START SUPPLIED DATA

lemma lpsum_basis_vec_vanish: "start (Suc (block n)) \<le> i \<Longrightarrow> lpsum basis_vec a n i = 0"
proof -
  assume i: "start (Suc (block n)) \<le> i"
  have "basis_vec k i = 0" if "k < n" for k
  proof (rule ccontr)
    assume "basis_vec k i \<noteq> 0"
    then have "i < start (Suc (block k))" by (rule basis_vec_support)
    moreover have "start (Suc (block k)) \<le> start (Suc (block n))"
      using that block_mono by (intro start_mono) simp
    ultimately show False using i by simp
  qed
  then show ?thesis by (simp add: lpsum_def)
qed

lemma summable_sq_lpsum_basis_vec: "summable (\<lambda>i. (lpsum basis_vec a n i)^2)"
  by (rule summable_finite[of "{..<start (Suc (block n))}"]) (auto simp: lpsum_basis_vec_vanish simp del: start_Suc)

lemma sum_sq_lpsum_block_coeff_diff_le:
  assumes "x \<in> l2"
  shows "(\<Sum>i. (lpsum basis_vec (block_coeff x) n i - x i)^2) \<le> 4 * (\<Sum>i. (x (i + start (block n)))^2)"
proof -
  define s where "s = start (block n)"
  define a where "a k = (if s \<le> k then block_coeff x k else 0)" for k
  define P where "P = lpsum basis_vec a n"
  define y where "y i = (if s \<le> i then x i else 0)" for i
  have x_sq: "summable (\<lambda>i. (x i)^2)" using assms by (simp add: l2_def)
  have y_sq: "summable (\<lambda>i. (y i)^2)"
    by (rule summable_comparison_test[OF _ x_sq]) (auto simp: y_def)
  have P_sq: "summable (\<lambda>i. (P i)^2)" unfolding P_def by (rule summable_sq_lpsum_basis_vec)
  have "s \<le> n" unfolding s_def by (rule block_lb)
  \<comment> \<open>Below s the partial sum reproduces x exactly; P is the part coming from the current block.\<close>
  have diff: "lpsum basis_vec (block_coeff x) n i - x i = P i - y i" for i
  proof -
    have "P i = (\<Sum>k\<in>{s..<n}. block_coeff x k * basis_vec k i)"
      unfolding P_def lpsum_split[OF \<open>s \<le> n\<close>] by (simp add: lpsum_def a_def)
    then show ?thesis
      using lpsum_split[OF \<open>s \<le> n\<close>, of basis_vec "block_coeff x" i] lpsum_block_coeff_start[of x "block n" i]
      by (simp add: y_def s_def)
  qed
  have "(\<Sum>i. (P i)^2) = (\<Sum>k<n. (a k)^2)"
    unfolding P_def by (rule sum_sq_lpsum_orthonormal[OF basis_vec_support l2inner_basis_vec])
  also have "\<dots> = (\<Sum>k\<in>{s..<n}. (block_coeff x k)^2)"
    by (rule trans[OF sum.mono_neutral_right[of "{..<n}" "{s..<n}"]]) (auto simp: a_def)
  also have "\<dots> \<le> (\<Sum>k\<in>block_set (block n). (block_coeff x k)^2)"
    using block_ub[of n] by (intro sum_mono2) (auto simp: block_set_def s_def simp del: start_Suc)
  also have "\<dots> = (\<Sum>i\<in>block_set (block n). (y i)^2)"
    unfolding sum_block_set_block_coeff_sq by (intro sum.cong) (auto simp: y_def s_def block_set_def)
  also have "\<dots> \<le> (\<Sum>i. (y i)^2)" by (rule sum_le_suminf[OF y_sq]) auto
  finally have P_le_y: "(\<Sum>i. (P i)^2) \<le> (\<Sum>i. (y i)^2)" .
  have "(\<Sum>i. (lpsum basis_vec (block_coeff x) n i - x i)^2) = (\<Sum>i. (P i - y i)^2)" by (simp add: diff)
  also have "\<dots> \<le> 2 * (\<Sum>i. (P i)^2) + 2 * (\<Sum>i. (y i)^2)"
    by (rule suminf_sq_diff_le[OF P_sq y_sq])
  also have "\<dots> \<le> 4 * (\<Sum>i. (y i)^2)" using P_le_y by simp
  also have "(\<Sum>i. (y i)^2) = (\<Sum>i. (x (i + s))^2)"
    using suminf_split_initial_segment[OF y_sq, of s] by (simp add: y_def)
  finally show ?thesis unfolding s_def .
qed
lemma bij_betw_matrix_of_supps:
  "bij_betw (matrix_of_supps m1 m2) (supp_configs m1 {..<m2} b)
     (Omega_b m1 m2 b \<inter> {A. \<forall>x. x \<notin> {..<m1} \<times> {..<m2} \<longrightarrow> A x = False})"
proof (rule bij_betw_imageI)
  let ?PS = "supp_configs m1 {..<m2} b"
  have col: "col_supp m1 (matrix_of_supps m1 m2 S) j = S j" if "S \<in> ?PS" "j < m2" for S j
    using col_supp_matrix_of_supps supp_configsD[OF that(1)] that(2) by auto
  show "inj_on (matrix_of_supps m1 m2) ?PS"
  proof
    fix S S' assume S: "S \<in> ?PS" and S': "S' \<in> ?PS"
      and eq: "matrix_of_supps m1 m2 S = matrix_of_supps m1 m2 S'"
    show "S = S'"
    proof (rule PiE_ext[OF S[unfolded supp_configs_def] S'[unfolded supp_configs_def]])
      fix j assume "j \<in> {..<m2}"
      then show "S j = S' j" using col[OF S] col[OF S'] eq by (metis lessThan_iff)
    qed
  qed
  show "matrix_of_supps m1 m2 ` ?PS
          = Omega_b m1 m2 b \<inter> {A. \<forall>x. x \<notin> {..<m1} \<times> {..<m2} \<longrightarrow> A x = False}"
  proof (intro equalityI subsetI)
    fix A assume "A \<in> matrix_of_supps m1 m2 ` ?PS"
    then obtain S where S: "S \<in> ?PS" and A: "A = matrix_of_supps m1 m2 S" by blast
    show "A \<in> Omega_b m1 m2 b \<inter> {A. \<forall>x. x \<notin> {..<m1} \<times> {..<m2} \<longrightarrow> A x = False}"
      using col[OF S] supp_configsD[OF S] unfolding A Omega_b_def by (auto simp: matrix_of_supps_def)
  next
    fix A assume A: "A \<in> Omega_b m1 m2 b \<inter> {A. \<forall>x. x \<notin> {..<m1} \<times> {..<m2} \<longrightarrow> A x = False}"
    define S where "S = restrict (col_supp m1 A) {..<m2}"
    have "S \<in> ?PS" unfolding S_def supp_configs_def using A
      by (auto simp: Omega_b_def col_supp_def)
    moreover have "matrix_of_supps m1 m2 S = A"
    proof
      fix x :: "nat \<times> nat"
      show "matrix_of_supps m1 m2 S x = A x"
        using A unfolding S_def matrix_of_supps_def col_supp_def by (cases x) auto
    qed
    ultimately show "A \<in> matrix_of_supps m1 m2 ` ?PS" by blast
  qed
qed

lemma prod_if_mem_eq_power:
  fixes p :: real
  assumes "X \<subseteq> {..<m}"
  shows "(\<Prod>i<m. if i \<in> X then p else 1 - p) = p ^ card X * (1 - p) ^ (m - card X)"
proof -
  have "(\<Prod>i<m. if i \<in> X then p else 1 - p) = (\<Prod>i\<in>X. p) * (\<Prod>i\<in>{..<m} - X. 1 - p)"
    using prod.If_cases[of "{..<m}" "\<lambda>i. i \<in> X" "\<lambda>_. p" "\<lambda>_. 1 - p"] assms
    by (simp add: Int_absorb1 Diff_eq)
  then show ?thesis using assms by (simp add: card_Diff_subset finite_subset)
qed

lemma pmf_bern_matrix_matrix_of_supps:
  assumes "0 \<le> p" "p \<le> 1" and S: "S \<in> supp_configs m1 {..<m2} b"
  shows "pmf (bern_matrix m1 m2 p) (matrix_of_supps m1 m2 S) = (\<Prod>j<m2. p ^ b j * (1 - p) ^ (m1 - b j))"
proof -
  let ?A = "matrix_of_supps m1 m2 S"
  have "pmf (bern_matrix m1 m2 p) ?A = (\<Prod>x\<in>{..<m1} \<times> {..<m2}. pmf (bernoulli_pmf p) (?A x))"
    unfolding bern_matrix_def by (subst pmf_Pi) (auto simp: matrix_of_supps_def)
  also have "\<dots> = (\<Prod>i<m1. \<Prod>j<m2. pmf (bernoulli_pmf p) (?A (i, j)))"
    by (simp add: prod.cartesian_product)
  also have "\<dots> = (\<Prod>j<m2. \<Prod>i<m1. pmf (bernoulli_pmf p) (?A (i, j)))"
    by (rule prod.swap)
  also have "\<dots> = (\<Prod>j<m2. \<Prod>i<m1. if i \<in> S j then p else 1 - p)"
    using assms by (intro prod.cong refl) (simp add: matrix_of_supps_def)
  also have "\<dots> = (\<Prod>j<m2. p ^ b j * (1 - p) ^ (m1 - b j))"
    using supp_configsD[OF S] by (intro prod.cong refl) (simp add: prod_if_mem_eq_power)
  finally show ?thesis .
qed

END SUPPLIED DATA

WORK REQUEST: Which lines of the data contain the word "cong"? Copy each one.

EXPECTED ANSWER:
    unfolding sum_block_set_block_coeff_sq by (intro sum.cong) (auto simp: y_def s_def block_set_def)
    using assms by (intro prod.cong refl) (simp add: matrix_of_supps_def)
    using supp_configsD[OF S] by (intro prod.cong refl) (simp add: prod_if_mem_eq_power)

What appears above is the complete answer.